Posted on 10/16/2017 by Roger Marks

The Occupational Health and Safety Administration (OSHA) recently shared a preliminary list of the top 10 most commonly cited OSHA work safety standards in 2017. Every year, this Top 10 list gives us some clarity on OSHA inspection and enforcement priorities, as well as options for improving safety at our facilities.


#1 Fall Protection—General Requirements
[29 CFR 1926.501]

6,072 violations 

Fall protection, the perennial chart-topper among OSHA’s most common violations, is a leading cause of workplace injuries and fatalities in both the construction and general industry sectors. While violations of general fall protection requirements top this list every year, fall protection training requirements made the list for the first time in 2017 (see #9).

In January 2017, OSHA’s 500-page Walking and Working Surfaces Final Rule took effect. The Final Rule introduced new, bolstered standards for fall arrest systems and preventing trips, new OSHA safety training rules, updated PPE requirements, updated rules for ladders and scaffolding, and more.
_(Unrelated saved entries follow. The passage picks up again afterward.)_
theorem mainTheorem3:
  assumes findim: "\<exists>B::'a::banach set. finite B \<and> span B = UNIV"
    and dim2: "dim (UNIV::'a set) \<ge> 2"
    and smooth: "smooth_space TYPE('a)"
  shows "\<exists>x y::'a. norm x = 1 \<and> norm y = 1 \<and> y \<noteq> x \<and> y \<noteq> - x \<and> weak_CPP x y"
proof -
  obtain S :: "'a set" where S: "finite S" "span S = UNIV"
    using findim by blast
  obtain B where B: "B \<subseteq> S" "independent B" "S \<subseteq> span B"
    by (rule maximal_independent_subset)
  have span_B: "span B = UNIV"
    using B(3) S(2) span_minimal[of S "span B"] by auto
  interpret finite_basis B
    using B S(1) span_B finite_subset by unfold_locales auto
  have "2 \<le> card B"
    using dim2 dim_span_eq_card_independent[OF B(2)] span_B by simp
  moreover have "\<And>y::'a. norm y = 1 \<Longrightarrow> \<exists>f. support_functional y f"
    using smooth unfolding smooth_space_def by (meson ex1_implies_ex)
  ultimately show ?thesis
    by (rule exists_weak_CPP_pair)
qed

end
#2 Hazard Communication (HazCom)
[29 CFR 1910.1200]

4,176 violations

New OSHA GHS HazCom rules for labeling hazardous chemicals in the workplace are now in effect, and mandatory compliance started in June 2015. Typical violations in this area include failure to provide HazCom training for employees [29 CFR 1910.1200(h)(1)] and failure to implement a hazard communication program [29 CFR 1910.1200(e)(1)].

Have questions about how GHS labeling affects 49 CFR hazmat compliance? Check out these online courses designed to satisfy OSHA’s HazCom training requirement at 29 CFR 1910.1200(h).

For employees: Hazard Communication Online
For managers: Managing Hazard Communication Online
 

#3 Scaffolding
[29 CFR 1926.451]

3,288 violations

At number 3 on the list are violations of OSHA’s scaffolding requirements for the construction industry found at 29 CFR 1926.451. Scaffolding—along with fall protection and ladders—are all areas addressed in OSHA’s Walking and Working Surfaces Final Rule.

#4 Respiratory Protection
[29 CFR 1910.134]

3,097 violations

OSHA estimates that 5 million US workers are required to wear respirators to protect them from harmful chemicals, dusts, vapors, and low-oxygen environments. Common respirator-related violations include failure to provide annual training and failure to put in place a respirator training or fitting program before distributing respirators for employees to use.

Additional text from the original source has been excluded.